Ecology, Environment and Conservation Paper

Vol 28, Jan Suppl. Issue, 2022; Page No.(151-155)

STORAGE STUDY (SHELF LIFE) AND CONSUMER ACCEPTABILITY OF VALUE ADDED (ENRICHED) BARNYARD MILLET COOKIES

Uma Ballolli, Savita Hulamani and Bharati Chimmada

Abstract

The demand for processed foods is ever increasing due to the technological, industrial and economic advances of the developing societies of the world including India.

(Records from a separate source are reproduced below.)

lemma (in ring) dim_tower:
  assumes K: "subfield K R" and L: "subfield L R" and KL: "K \<subseteq> L"
    and fin: "finite (carrier R)" and V: "subalgebra L V R"
  shows "dim K V = dim K L * dim L V"
  using telescopic_base_dim(2)[OF K L subalgebra_finite_dimension[OF K fin subalgebra_of_subfield[OF L KL]]
      subalgebra_finite_dimension[OF L fin V]]
  unfolding over_def .

lemma (in ring) subfield_nat_pow_closed:
  assumes "subfield L R" and "x \<in> L"
  shows "x [^] (n :: nat) \<in> L"
  using subringE(3,6)[OF subfieldE(1)[OF assms(1)]] assms(2) by (induction n) auto

lemma (in ring) dim_le_of_subset:
  assumes K: "subfield K R" and F: "finite_dimension K F" and E: "subalgebra K E R" and EF: "E \<subseteq> F"
  shows "dim K E \<le> dim K F"
proof -
  have "finite_dimension K E"
    using subalbegra_incl_imp_finite_dimension[OF K F E EF] .
  then obtain Us where Us: "independent K Us" "length Us = dim K E" "Span K Us = E"
    using exists_base[OF K finite_dimensionE[OF K]] unfolding over_def by blast
  have "set Us \<subseteq> F"
    using Span_base_incl[OF K independent_in_carrier[OF Us(1)]] Us(3) EF by auto
  then show ?thesis
    using independent_length_le_dimension[OF K finite_dimensionE[OF K F] Us(1)] Us(2)
    unfolding over_def by simp
qed

lemma (in ring) subalgebra_eq_of_dim_eq:
  assumes K: "subfield K R" and F: "finite_dimension K F" and E: "subalgebra K E R" and EF: "E \<subseteq> F"
    and eq: "dim K E = dim K F"
  shows "E = F"
proof -
  have "finite_dimension K E"
    using subalbegra_incl_imp_finite_dimension[OF K F E EF] .
  then obtain Us where Us: "independent K Us" "length Us = dim K E" "Span K Us = E"
    using exists_base[OF K finite_dimensionE[OF K]] unfolding over_def by blast
  have "set Us \<subseteq> F"
    using Span_base_incl[OF K independent_in_carrier[OF Us(1)]] Us(3) EF by auto
  then show ?thesis
    using independent_length_eq_dimension[OF K finite_dimensionE[OF K F] Us(1)] Us(2,3) eq
    unfolding over_def by simp
qed

lemma (in ring) dim_Span_le_length:
  assumes K: "subfield K R" and Us: "set Us \<subseteq> carrier R"
  shows "dim K (Span K Us) \<le> length Us"
proof -
  have "\<exists>n \<le> length Us. dimension n K (Span K Us)"
    using Us
  proof (induction Us)
    case Nil
    then show ?case by auto
  next
    case (Cons u Us)
    then obtain n where n: "n \<le> length Us" "dimension n K (Span K Us)"
      by auto
    show ?case
    proof (cases "u \<in> Span K Us")
      case True
      then have "Span K (u # Us) = Span K Us"
        using Cons.prems Span_base_incl[OF K] mono_Span_subset[OF K]
        by (metis insert_subset list.simps(15) subset_antisym)
      then show ?thesis
        using n by (intro exI[of _ n]) auto
    next
      case False
      then have "dimension (Suc n) K (Span K (u # Us))"
        using Suc_dim n(2) Cons.prems by simp
      then show ?thesis
        using n(1) by fastforce
    qed
  qed
  then show ?thesis
    using dimI[OF K] unfolding over_def by fastforce
qed

lemma (in cring) mult_combine:
  "\<lbrakk> set Ks \<subseteq> carrier R; set Us \<subseteq> carrier R; a \<in> carrier R \<rbrakk> \<Longrightarrow>
     a \<otimes> combine Ks Us = combine Ks (map ((\<otimes>) a) Us)"
  by (induct Ks Us rule: combine.induct) (auto simp add: r_distr m_lcomm)

lemma (in cring) smul_set_Span:
  assumes K: "subfield K R" and Us: "set Us \<subseteq> carrier R" and a: "a \<in> carrier R"
  shows "smul_set R a (Span K Us) = Span K (map ((\<otimes>) a) Us)"
proof -
  have aUs: "set (map ((\<otimes>) a) Us) \<subseteq> carrier R"
    using Us a by auto
  have "a \<otimes> combine Ks Us = combine Ks (map ((\<otimes>) a) Us)" if "set Ks \<subseteq> K" for Ks
    using mult_combine[OF _ Us a] that subfieldE(3)[OF K] by blast
  then show ?thesis
    unfolding smul_set_def Span_eq_combine_set[OF K Us] Span_eq_combine_set[OF K aUs]
      setcompr_eq_image image_image
    by (intro image_cong) auto
qed

lemma (in cring) smul_set_Span_dim_le:
  assumes K: "subfield K R" and Us: "set Us \<subseteq> carrier R" and a: "a \<in> carrier R"
  shows "finite_dimension K (smul_set R a (Span K Us))"
    and "dim K (smul_set R a (Span K Us)) \<le> length Us"
proof -
  have aUs: "set (map ((\<otimes>) a) Us) \<subseteq> carrier R"
    using Us a by auto
  show "finite_dimension K (smul_set R a (Span K Us))"
    "dim K (smul_set R a (Span K Us)) \<le> length Us"
    using smul_set_Span[OF K Us a] Span_finite_dimension[OF K aUs] dim_Span_le_length[OF K aUs]
    by simp_all
qed

lemma (in cring) dim_set_add_smul_set_Span_le:
  assumes K: "subfield K R" and L: "subfield L R" and KL: "K \<subseteq> L" and fin: "finite (carrier R)"
    and V: "subalgebra L V R" and Us: "set Us \<subseteq> carrier R" and b: "b \<in> carrier R"
  shows "finite_dimension K (V <+>\<^bsub>R\<^esub> smul_set R b (Span K Us))"
    and "dim K (V <+>\<^bsub>R\<^esub> smul_set R b (Span K Us)) \<le> dim K L * dim L V + length Us"
proof -
  have fdV: "finite_dimension K V"
    using subalgebra_finite_dimension[OF K fin subalgebra_restrict_scalars[OF V KL]] .
  note B = smul_set_Span_dim_le[OF K Us b]
  show "finite_dimension K (V <+>\<^bsub>R\<^esub> smul_set R b (Span K Us))"
    using sum_space_dim(1)[OF K fdV B(1)] .
  show "dim K (V <+>\<^bsub>R\<^esub> smul_set R b (Span K Us)) \<le> dim K L * dim L V + length Us"
    using sum_space_dim(2)[OF K fdV B(1)] B(2) dim_tower[OF K L KL fin V]
    unfolding over_def by linarith
qed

India is recognized to be the second largest producer of biscuits next only to the United States of America with annual production of which was 7.40 lakh metric tonnes in 1997-98 which has escalated to 17.14 lakh metric tonnes in 2005-2009 (Agrawal, 1990). Hence, the present study was undertaken with the objectives of Assessment of storage quality of enriched barnyard millet cookies and their Consumer acceptability. Adequate number of cookies were wrapped in butter paper and packed in unit packs in metalized polyester polyethylene pouches, heat sealed and stored in aluminum boxes at room temperature. Temperature and relative humidity (RH) ranged from 24.30 to 27.48 ºC and 58.55 to 83.00%, respectively. The study showed that 91.33 per cent of consumers accepted iron enriched cookies highly and were ready to pay money to eat it.